Sadly this isn’t uncommon. It’s hard for many of us to wrap our heads around invisible illness and injury that don’t adhere to a tidy before and after recovery narrative — in the U.S. especially, where linear progress and individualism are highly valorized. 

Meghan O’Rourke touches upon this in her book The Invisible Kingdom: “We are bad at recognizing the suffering of others unless we are given clearcut clues and evidence. And so invisible illnesses often go unacknowledged, while less serious conditions get attention.” 

“Man, you can’t do anything anymore,” the able-bodied friend of another patient, Manny,* once said to him following his injury.
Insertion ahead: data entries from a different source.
lemma closed_along_products:
  assumes "closed_along T \<F>" "closed_along T \<G>"
  shows "closed_along T (fun_products \<F> \<G>)"
proof (rule closed_alongI)
  have fin: "finite \<F>" "finite \<G>"
    using assms by (auto simp: closed_along_def)
  then show "finite (fun_products \<F> \<G>)" by (rule finite_fun_products)
  fix \<theta> assume "\<theta> \<in> fun_products \<F> \<G>"
  then obtain \<phi> \<psi> where \<theta>: "\<theta> = (\<lambda>x. \<phi> x * \<psi> x)" and "\<phi> \<in> \<F>" "\<psi> \<in> \<G>"
    by (auto simp: fun_products_def)
  obtain \<phi>' where \<phi>': "lincomb_of \<F> \<phi>'"
      "\<And>u t. T u \<Longrightarrow> ((\<lambda>s. \<phi> (u s)) has_real_derivative \<phi>' (u t)) (at t)"
    using assms(1) \<open>\<phi> \<in> \<F>\<close> unfolding closed_along_def by blast
  obtain \<psi>' where \<psi>': "lincomb_of \<G> \<psi>'"
      "\<And>u t. T u \<Longrightarrow> ((\<lambda>s. \<psi> (u s)) has_real_derivative \<psi>' (u t)) (at t)"
    using assms(2) \<open>\<psi> \<in> \<G>\<close> unfolding closed_along_def by blast
  have "lincomb_of (fun_products \<F> \<G>) (\<lambda>x. \<phi>' x * \<psi> x + \<phi> x * \<psi>' x)"
    using fin \<phi>'(1) \<psi>'(1) \<open>\<phi> \<in> \<F>\<close> \<open>\<psi> \<in> \<G>\<close>
    by (intro lincomb_of_add lincomb_of_mult) (simp_all add: lincomb_of_mem)
  moreover have "((\<lambda>s. \<theta> (u s)) has_real_derivative \<phi>' (u t) * \<psi> (u t) + \<phi> (u t) * \<psi>' (u t)) (at t)"
    if "T u" for u t
    unfolding \<theta> using DERIV_mult[OF \<phi>'(2) \<psi>'(2), OF that that] by (simp add: mult.commute)
  ultimately show "\<exists>\<theta>'. lincomb_of (fun_products \<F> \<G>) \<theta>' \<and>
      (\<forall>u t. T u \<longrightarrow> ((\<lambda>s. \<theta> (u s)) has_real_derivative \<theta>' (u t)) (at t))"
    by blast
qed

definition aff_traj :: "nat \<Rightarrow> (nat \<Rightarrow> nat \<Rightarrow> real) \<Rightarrow> (nat \<Rightarrow> real) \<Rightarrow> (real \<Rightarrow> nat \<Rightarrow> real) \<Rightarrow> bool" where
  "aff_traj k A D u \<longleftrightarrow>
     (\<forall>i<k. \<forall>t. ((\<lambda>s. u s i) has_real_derivative (\<Sum>j<k. A i j * u t j) + D i) (at t))"

lemma closed_along_coordinates:
  "closed_along (aff_traj k A D) (insert (\<lambda>x. 1) ((\<lambda>j x. x j) ` {..<k}))"
  (is "closed_along _ ?\<F>")
proof (rule closed_alongI)
  show fin: "finite ?\<F>" by simp
  fix \<phi> assume "\<phi> \<in> ?\<F>"
  then consider "\<phi> = (\<lambda>x. 1)" | j where "j < k" "\<phi> = (\<lambda>x. x j)" by blast
  then show "\<exists>\<phi>'. lincomb_of ?\<F> \<phi>' \<and>
      (\<forall>u t. aff_traj k A D u \<longrightarrow> ((\<lambda>s. \<phi> (u s)) has_real_derivative \<phi>' (u t)) (at t))"
  proof cases
    case 1
    then show ?thesis using lincomb_of_zero by fastforce
  next
    case (2 j)
    have "lincomb_of ?\<F> (\<lambda>x. (\<Sum>l<k. A j l * x l) + D j * 1)"
      using fin by (intro lincomb_of_add lincomb_of_sum lincomb_of_scale lincomb_of_mem) auto
    then show ?thesis
      using 2 by (intro exI[of _ "\<lambda>x. (\<Sum>l<k. A j l * x l) + D j * 1"]) (simp add: aff_traj_def)
  qed
qed

lemma poly_fun_closed_along:
  assumes "p \<in> poly_fun k"
  shows "\<exists>\<F>. closed_along (aff_traj k A D) \<F> \<and> lincomb_of \<F> p"
  using assms
proof induction
  case (pf_const c)
  have "closed_along (aff_traj k A D) {\<lambda>x. 1}"
    using lincomb_of_zero by (intro closed_alongI) fastforce+
  moreover have "lincomb_of {\<lambda>x. 1} (\<lambda>x. c * 1)"
    by (intro lincomb_of_scale lincomb_of_mem) auto
  ultimately show ?case by auto
next
  case (pf_var i)
  then show ?case
    by (intro exI[of _ "insert (\<lambda>x. 1) ((\<lambda>j x. x j) ` {..<k})"] conjI
          closed_along_coordinates lincomb_of_mem) auto
next
  case (pf_add p q)
  then obtain \<F> \<G> where "closed_along (aff_traj k A D) \<F>" "lincomb_of \<F> p"
      "closed_along (aff_traj k A D) \<G>" "lincomb_of \<G> q"
    by blast
  moreover have "finite (\<F> \<union> \<G>)"
    using calculation by (simp add: closed_along_def)
  ultimately show ?case
    by (intro exI[of _ "\<F> \<union> \<G>"] conjI closed_along_Un lincomb_of_add)
       (blast intro: lincomb_of_mono)+
next
  case (pf_mult p q)
  then obtain \<F> \<G> where "closed_along (aff_traj k A D) \<F>" "lincomb_of \<F> p"
      "closed_along (aff_traj k A D) \<G>" "lincomb_of \<G> q"
    by blast
  then show ?case
    by (intro exI[of _ "fun_products \<F> \<G>"] conjI closed_along_products lincomb_of_mult)
       (auto simp: closed_along_def)
qed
The two were on a beach picnic trip, and Manny had been unable to carry the cooler from their car to the picnic spot due to his pain. 
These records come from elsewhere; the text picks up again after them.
lemma root_le_tail_root:
  fixes lam :: "nat \<Rightarrow> real"
  assumes lam: "strict_antimono_on {a..b} lam" and w: "\<And>i. i \<in> {a..b} \<Longrightarrow> 0 \<le> w i"
    and mu: "strictly_interlaces a b lam mu"
    and P: "interlace_poly_on {a..b} lam w = smult W (\<Prod>j\<in>{a..<b}. [:- mu j, 1:])" and W: "0 < W"
    and nu: "strictly_interlaces d b lam nu"
    and Q: "interlace_poly_on {d..b} lam w = smult V (\<Prod>j\<in>{d..<b}. [:- nu j, 1:])"
    and d: "a \<le> d" and j: "j \<in> {d..<b}"
  shows "mu j \<le> nu j"
proof (rule ccontr)
  assume "\<not> mu j \<le> nu j"
  define t where "t = nu j"
  have t: "lam (Suc j) < t" "t < lam j" using nu j unfolding strictly_interlaces_def t_def by auto
  have ja: "j \<in> {a..<b}" using j d by auto
  have "(-1) ^ (j - a) * poly (interlace_poly_on {a..b} lam w) t
      = W * (t - mu j) * ((-1) ^ (j - a) * (\<Prod>m\<in>{a..<b} - {j}. t - mu m))"
    unfolding P poly_smult poly_prod using ja by (simp add: prod.remove[of _ j] mult_ac)
  also have "\<dots> < 0"
    using sign_prod_roots_in_gap[OF lam mu ja t] W \<open>\<not> mu j \<le> nu j\<close>
    by (intro mult_neg_pos mult_pos_neg) (auto simp: t_def)
  finally have neg: "(-1) ^ (j - a) * poly (interlace_poly_on {a..b} lam w) t < 0" .
  have "poly (interlace_poly_on {d..b} lam w) t = 0"
    unfolding Q t_def poly_smult poly_prod using j by (auto simp: prod_zero_iff)
  moreover have "{d..b} \<union> {a..<d} = {a..b}" "{d..b} \<inter> {a..<d} = {}" using d j by auto
  ultimately have split: "poly (interlace_poly_on {a..b} lam w) t
      = (\<Sum>i\<in>{a..<d}. w i * (\<Prod>m\<in>{a..b} - {i}. t - lam m))"
    using poly_interlace_poly_on_union[of "{d..b}" "{a..<d}" lam w t] by auto
  have summand: "0 \<le> (-1) ^ (j - a) * (w i * (\<Prod>m\<in>{a..b} - {i}. t - lam m))"
    if i: "i \<in> {a..<d}" for i
  proof -
    have "i \<in> {a..j}" using i j by auto
    from sign_prod_nodes_in_gap[OF lam ja t this]
    show ?thesis using w[of i] i d j by (simp add: mult.left_commute)
  qed
  have "0 \<le> (-1) ^ (j - a) * poly (interlace_poly_on {a..b} lam w) t"
    unfolding split sum_distrib_left by (rule sum_nonneg) (rule summand)
  then show False using neg by simp
qed

lemma prod_tail_gaps_bound:
  fixes lam :: "nat \<Rightarrow> real"
  assumes lam: "strict_antimono_on {a..b} lam" and nu: "strictly_interlaces a b lam nu"
    and jk: "a \<le> j" "j \<le> k" "k < b"
  shows "0 < (\<Prod>m\<in>{Suc k..<b}. lam j - nu m)"
    and "(lam j - lam (Suc k)) * (\<Prod>m\<in>{Suc k..<b}. lam j - nu m) \<le> (\<Prod>i\<in>{Suc k..b}. lam j - lam i)"
proof -
  have gap: "0 < lam j - nu m \<and> lam j - nu m \<le> lam j - lam (Suc m)" if "m \<in> {Suc k..<b}" for m
  proof -
    have "lam (Suc m) < nu m" "nu m < lam m" using nu that jk unfolding strictly_interlaces_def by auto
    moreover have "lam m \<le> lam j" using strict_antimono_on_leD[OF lam] that jk by auto
    ultimately show ?thesis by linarith
  qed
  then show "0 < (\<Prod>m\<in>{Suc k..<b}. lam j - nu m)" by (intro prod_pos) auto
  have "(\<Prod>i\<in>{Suc k..b}. lam j - lam i) = (lam j - lam (Suc k)) * (\<Prod>i\<in>{Suc (Suc k)..<Suc b}. lam j - lam i)"
    using jk by (simp add: prod.atLeast_Suc_atMost atLeastLessThanSuc_atLeastAtMost)
  also have "\<dots> = (lam j - lam (Suc k)) * (\<Prod>m\<in>{Suc k..<b}. lam j - lam (Suc m))"
    by (simp only: prod.atLeast_Suc_lessThan_Suc_shift o_def)
  finally have shift: "(\<Prod>i\<in>{Suc k..b}. lam j - lam i)
      = (lam j - lam (Suc k)) * (\<Prod>m\<in>{Suc k..<b}. lam j - lam (Suc m))" .
  have "lam (Suc k) \<le> lam j" using strict_antimono_on_leD[OF lam] jk by auto
  then show "(lam j - lam (Suc k)) * (\<Prod>m\<in>{Suc k..<b}. lam j - nu m) \<le> (\<Prod>i\<in>{Suc k..b}. lam j - lam i)"
    unfolding shift by (intro mult_left_mono prod_mono) (use gap in \<open>auto intro: less_imp_le\<close>)
qed

lemma lagrange_term_lower_bound:
  fixes lam :: "nat \<Rightarrow> real"
  assumes lam: "strict_antimono_on {a..b} lam" and w: "0 \<le> w j"
    and nu: "strictly_interlaces a b lam nu"
    and P: "interlace_poly_on {a..b} lam w = smult W (\<Prod>j\<in>{a..<b}. [:- nu j, 1:])" and W: "0 < W"
    and jk: "a \<le> j" "j \<le> k" "k < b"
  shows "w j / W * (lam j - lam (Suc k))
      \<le> (\<Prod>i\<in>{a..k}. lam j - nu i) / (\<Prod>i\<in>{a..k} - {j}. lam j - lam i)"
proof -
  define G where "G = (\<Prod>i\<in>{a..k}. lam j - nu i)"
  define d where "d = (\<Prod>i\<in>{a..k} - {j}. lam j - lam i)"
  define H where "H = (\<Prod>m\<in>{Suc k..<b}. lam j - nu m)"
  define B where "B = (\<Prod>i\<in>{Suc k..b}. lam j - lam i)"
  have "{a..b} - {j} = ({a..k} - {j}) \<union> {Suc k..b}" "({a..k} - {j}) \<inter> {Suc k..b} = {}"
    and "{a..<b} = {a..k} \<union> {Suc k..<b}" "{a..k} \<inter> {Suc k..<b} = {}"
    using jk by auto
  then have "(\<Prod>i\<in>{a..b} - {j}. lam j - lam i) = d * B" "(\<Prod>m\<in>{a..<b}. lam j - nu m) = G * H"
    unfolding d_def B_def G_def H_def by (simp_all add: prod.union_disjoint)
  then have eq: "w j * (d * B) = W * (G * H)"
    using poly_interlace_poly_on_node[of "{a..b}" j lam w] jk unfolding P poly_smult poly_prod by simp
  have "d \<noteq> 0"
    using lam jk unfolding d_def by (auto simp: strict_antimono_iff_antimono inj_on_def)
  have H: "0 < H" "(lam j - lam (Suc k)) * H \<le> B"
    using prod_tail_gaps_bound[OF lam nu jk] unfolding H_def B_def by auto
  have "w j / W * (lam j - lam (Suc k)) = w j * ((lam j - lam (Suc k)) * H) / (W * H)"
    using W H by (simp add: field_simps)
  also have "\<dots> \<le> w j * B / (W * H)"
    using W H w by (intro divide_right_mono mult_left_mono) auto
  also have "\<dots> = G / d"
    using eq \<open>d \<noteq> 0\<close> W H by (simp add: field_simps)
  finally show ?thesis unfolding G_def d_def .
qed

lemma prefix_root_sum_le:
  fixes lam :: "nat \<Rightarrow> real"
  assumes lam: "strict_antimono_on {a..b} lam" and w: "\<And>i. i \<in> {a..b} \<Longrightarrow> 0 \<le> w i"
    and nu: "strictly_interlaces a b lam nu"
    and P: "interlace_poly_on {a..b} lam w = smult W (\<Prod>j\<in>{a..<b}. [:- nu j, 1:])" and W: "0 < W"
    and k: "a \<le> k" "k < b"
  shows "(\<Sum>j=a..k. nu j) \<le> (\<Sum>j=a..k. lam j) - (\<Sum>j=a..k. w j / W * (lam j - lam (Suc k)))"
proof -
  have "(\<Sum>j=a..k. w j / W * (lam j - lam (Suc k)))
      \<le> (\<Sum>j=a..k. (\<Prod>i\<in>{a..k}. lam j - nu i) / (\<Prod>i\<in>{a..k} - {j}. lam j - lam i))"
    using k by (intro sum_mono lagrange_term_lower_bound[OF lam w nu P W]) auto
  also have "\<dots> = (\<Sum>j=a..k. lam j) - (\<Sum>j=a..k. nu j)"
  proof (rule sum_diff_eq_lagrange_sum[symmetric])
    show "inj_on lam {a..k}"
      using lam k by (auto simp: strict_antimono_iff_antimono intro: inj_on_subset)
  qed (use k in auto)
  finally show ?thesis by simp
qed

lemma root_sum_le_strict:
  fixes lam :: "nat \<Rightarrow> real"
  assumes lam: "strict_antimono_on {a..b} lam" and w: "\<And>i. i \<in> {a..b} \<Longrightarrow> 0 < w i"
    and mu: "strictly_interlaces a b lam mu"
    and P: "interlace_poly_on {a..b} lam w = (\<Prod>j\<in>{a..<b}. [:- mu j, 1:])"
    and lr: "a \<le> l" "l \<le> r" "r < b"
  shows "(\<Sum>j=l..r. mu j) \<le> (\<Sum>j=l..r. lam j) - (\<Sum>j=l..r. w j / (\<Sum>i=l..b. w i) * (lam j - lam (Suc r)))"
proof -
  have lam': "strict_antimono_on {l..b} lam" using lam lr by (auto intro: monotone_on_subset)
  obtain nu where nu: "strictly_interlaces l b lam nu"
    and Q: "interlace_poly_on {l..b} lam w = smult (\<Sum>i=l..b. w i) (\<Prod>j\<in>{l..<b}. [:- nu j, 1:])"
    using interlace_poly_on_factorization[OF _ lam', of w] w lr by auto
  have "interlace_poly_on {a..b} lam w = smult 1 (\<Prod>j\<in>{a..<b}. [:- mu j, 1:])" using P by simp
  then have "(\<Sum>j=l..r. mu j) \<le> (\<Sum>j=l..r. nu j)"
    by (intro sum_mono root_le_tail_root[OF lam _ mu _ zero_less_one nu Q])
      (use w lr in \<open>auto intro: less_imp_le\<close>)
  also have "\<dots> \<le> (\<Sum>j=l..r. lam j) - (\<Sum>j=l..r. w j / (\<Sum>i=l..b. w i) * (lam j - lam (Suc r)))"
    by (rule prefix_root_sum_le[OF lam' _ nu Q]) (use w lr in \<open>auto intro: less_imp_le sum_pos\<close>)
  finally show ?thesis .
qed

lemma convergent_subseq_finite_family:
  fixes X :: "nat \<Rightarrow> 'a \<Rightarrow> real"
  assumes "finite J" "\<And>m j. j \<in> J \<Longrightarrow> \<bar>X m j\<bar> \<le> B"
  shows "\<exists>s. strict_mono s \<and> (\<forall>j\<in>J. convergent (\<lambda>m. X (s m) j))"
  using assms
proof (induction J rule: finite_induct)
  case empty
  show ?case by (rule exI[of _ id]) (simp add: strict_mono_def)
next
  case (insert i J)
  then obtain s where s: "strict_mono s" "\<forall>j\<in>J. convergent (\<lambda>m. X (s m) j)" by auto
  obtain t where t: "strict_mono t" "monoseq (\<lambda>m. X (s (t m)) i)"
    using seq_monosub[of "\<lambda>m. X (s m) i"] by blast
  have "Bseq (\<lambda>m. X (s (t m)) i)" using insert.prems by (intro BseqI'[of _ B]) auto
  then have "convergent (\<lambda>m. X (s (t m)) i)" using t(2) by (rule Bseq_monoseq_convergent)
  moreover have "convergent (\<lambda>m. X (s (t m)) j)" if "j \<in> J" for j
    using convergent_subseq_convergent[OF s(2)[rule_format, OF that] t(1)] by (simp add: o_def)
  ultimately show ?case using strict_mono_o[OF s(1) t(1)] by (auto simp: o_def)
qed

lemma sorted_roots_subseq_tendsto:
  fixes nuS :: "nat \<Rightarrow> nat \<Rightarrow> real" and mu :: "nat \<Rightarrow> real"
  assumes conv: "\<And>x. (\<lambda>m. \<Prod>j\<in>{a..<b}. x - nuS m j) \<longlonglongrightarrow> (\<Prod>j\<in>{a..<b}. x - mu j)"
    and bounded: "\<And>m j. j \<in> {a..<b} \<Longrightarrow> \<bar>nuS m j\<bar> \<le> B"
    and nuS_mono: "\<And>m. antimono_on {a..<b} (nuS m)" and mu_mono: "antimono_on {a..<b} mu"
  obtains s where "strict_mono s" "\<And>j. j \<in> {a..<b} \<Longrightarrow> (\<lambda>m. nuS (s m) j) \<longlonglongrightarrow> mu j"
proof -
  obtain s where s: "strict_mono s" and cv: "\<forall>j\<in>{a..<b}. convergent (\<lambda>m. nuS (s m) j)"
    using convergent_subseq_finite_family[of "{a..<b}" nuS B] bounded by auto
  define nu where "nu j = lim (\<lambda>m. nuS (s m) j)" for j
  have lim: "(\<lambda>m. nuS (s m) j) \<longlonglongrightarrow> nu j" if "j \<in> {a..<b}" for j
    using cv that unfolding nu_def by (simp add: convergent_LIMSEQ_iff)
  have "antimono_on {a..<b} nu"
  proof (rule monotone_onI)
    fix i j assume ij: "i \<in> {a..<b}" "j \<in> {a..<b}" "i \<le> j"
    show "nu j \<le> nu i"
      by (rule LIMSEQ_le[OF lim[OF ij(2)] lim[OF ij(1)]]) (use monotone_onD[OF nuS_mono ij] in auto)
  qed
  moreover have "(\<Prod>j\<in>{a..<b}. x - nu j) = (\<Prod>j\<in>{a..<b}. x - mu j)" for x
  proof (rule LIMSEQ_unique)
    show "(\<lambda>m. \<Prod>j\<in>{a..<b}. x - nuS (s m) j) \<longlonglongrightarrow> (\<Prod>j\<in>{a..<b}. x - nu j)"
      by (intro tendsto_intros lim)
    show "(\<lambda>m. \<Prod>j\<in>{a..<b}. x - nuS (s m) j) \<longlonglongrightarrow> (\<Prod>j\<in>{a..<b}. x - mu j)"
      using LIMSEQ_subseq_LIMSEQ[OF conv s] by (simp add: o_def)
  qed
  then have "(\<Prod>j\<in>{a..<b}. [:- nu j, 1:]) = (\<Prod>j\<in>{a..<b}. [:- mu j, 1:])"
    by (intro poly_ext) (simp add: poly_prod)
  ultimately have "nu j = mu j" if "j \<in> {a..<b}" for j
    using sorted_roots_unique mu_mono that by blast
  then show ?thesis using that s lim by auto
qed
Like Shayna and other patients, Manny has opened up about the hurt of confiding in friends only to be met with dismissive remarks such as these. 

Hearing them both recount these experiences brings up the issue of both personal and systemic invalidation. 
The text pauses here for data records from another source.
text \<open>Bracketing a basis element \<open>[x\<^sub>a, x\<^sub>b, \<dots>]\<close> with \<open>x\<^sub>i\<close>: if \<open>i \<ge> b\<close>, sort \<open>i\<close> into the tail;
  otherwise move \<open>x\<^sub>i\<close> to the third position and rewrite \<open>[x\<^sub>a, x\<^sub>b, x\<^sub>i]\<close> by Jacobi as
  \<open>[x\<^sub>a, x\<^sub>i, x\<^sub>b] - [x\<^sub>b, x\<^sub>i, x\<^sub>a]\<close>, two basis elements with second letter \<open>i\<close>.\<close>

lemma lbr_mb_elem_ncvar_in_mb_span:
  assumes t: "t \<in> mb_index n (Suc k)" and i: "i < n"
  shows "lbr (mb_elem t) (ncvar i) \<in> (mb_span n (Suc (Suc k)) :: 'k::field ncpoly set)"
proof -
  obtain a b cs where tt: "t = (a, b, cs)"
    by (cases t)
  have a: "a < n" and ba: "b < a" and cs: "sorted cs" "length cs = k" "\<forall>c\<in>set cs. b \<le> c \<and> c < n"
    using t unfolding tt mb_index_def by auto
  have b: "b < n" and csn: "set cs \<subseteq> {..<n}"
    using a ba cs(3) by auto
  let ?M = "lbr (ncvar a) (ncvar b) :: 'k ncpoly"
  have e0: "lbr (mb_elem t) (ncvar i) = left_normed ?M (cs @ [i])"
    unfolding tt mb_elem_def left_normed_snoc by simp
  show ?thesis
  proof (cases "b \<le> i")
    case True
    then have "(a, b, insort i cs) \<in> mb_index n (Suc (Suc k))"
      using a ba cs i by (auto simp: mb_index_def sorted_insort set_insort_key)
    then show ?thesis
      unfolding e0 by (rule left_normed_in_mb_span[OF _ a b]) (use csn i in auto)
  next
    case False
    have T1: "(a, i, insort b cs) \<in> mb_index n (Suc (Suc k))"
      and T2: "(b, i, insort a cs) \<in> mb_index n (Suc (Suc k))"
      using a b ba cs False i by (auto simp: mb_index_def sorted_insort set_insort_key)
    have "left_normed (lbr (ncvar a) (ncvar i)) (b # cs) \<in> (mb_span n (Suc (Suc k)) :: 'k ncpoly set)"
      by (rule left_normed_in_mb_span[OF T1 a i]) (use csn b in auto)
    moreover have "left_normed (lbr (ncvar b) (ncvar i)) (a # cs) \<in> (mb_span n (Suc (Suc k)) :: 'k ncpoly set)"
      by (rule left_normed_in_mb_span[OF T2 b i]) (use csn a in auto)
    ultimately have "left_normed ?M (i # cs) \<in> mb_span n (Suc (Suc k))"
      by (subst left_normed_vars_jacobi) (rule ncsubspace_diff[OF ncsubspace_mb_span])
    moreover have "left_normed ?M (cs @ [i]) - left_normed ?M (i # cs) \<in> derived2 n"
      by (rule left_normed_mset_cong[OF lbr_vars_lcs1[OF a b]]) (use csn i in auto)
    ultimately show ?thesis
      unfolding e0 by (rule mb_span_cong[OF _ derived2_in_idealI])
  qed
qed

lemma lbr_ncvar_in_mb_span_Suc:
  assumes "g \<in> mb_span n (Suc k)" "i < n"
  shows "lbr g (ncvar i) \<in> (mb_span n (Suc (Suc k)) :: 'k::field ncpoly set)"
proof -
  obtain l where l: "g - (\<Sum>t\<in>mb_index n (Suc k). ncsmul (l t) (mb_elem t)) \<in> idealI n (Suc (Suc k))"
    using assms(1) unfolding mb_span_def by blast
  let ?S = "(\<Sum>t\<in>mb_index n (Suc k). ncsmul (l t) (mb_elem t)) :: 'k ncpoly"
  have "lbr ?S (ncvar i) \<in> mb_span n (Suc (Suc k))"
    unfolding lbr_sum_left lbr_ncsmul_left
    by (intro ncsubspace_sum[OF ncsubspace_mb_span] ncsubspace_ncsmul[OF ncsubspace_mb_span]
        lbr_mb_elem_ncvar_in_mb_span assms(2))
  moreover have "lbr (g - ?S) (ncvar i) \<in> idealI n (Suc (Suc (Suc k)))"
    by (rule lbr_idealI_Suc[OF l freeLie.var[OF assms(2)]])
  ultimately show ?thesis
    unfolding lbr_diff_left by (rule mb_span_cong)
qed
It’s hard to interpret when I see doctors invalidating patients in similar ways; luckily, today’s doctor (we’re called in shortly after answering this question in the packet) listens to and validates Shayna. They exchange frequent laughs and smiles. The air inside the room feels lighter and easier to breathe. 

I appreciate doctors like these, who seem to accept the unpredictable and nonlinear trajectory of chronic pain. How the symptoms might leave temporarily only to return with a vengeance. They show understanding that, as Anne Berger put it, “a patient is healed not only by steroids or antibiotics but also by empathy — being made to feel whole, rather than distraught, as she exits doctors’ appointments” — and that healing is as much about listening to patients’ subjective experiences as it is about taking physical measurements and analyzing organs and body parts. 

Patients deserve more of this. I’d like to think these sorts of interactions infuse them with (even just a modicum of) hope — not that their physical pain will resolve entirely, but at least that their predicament hasn’t fallen on deaf ears. Absent a magic cure, a doctor’s kind and supportive attitude can momentarily help at least on some level. 

“We’ll keep you on the same work restrictions,” the doctor says to Shayna before she leaves. 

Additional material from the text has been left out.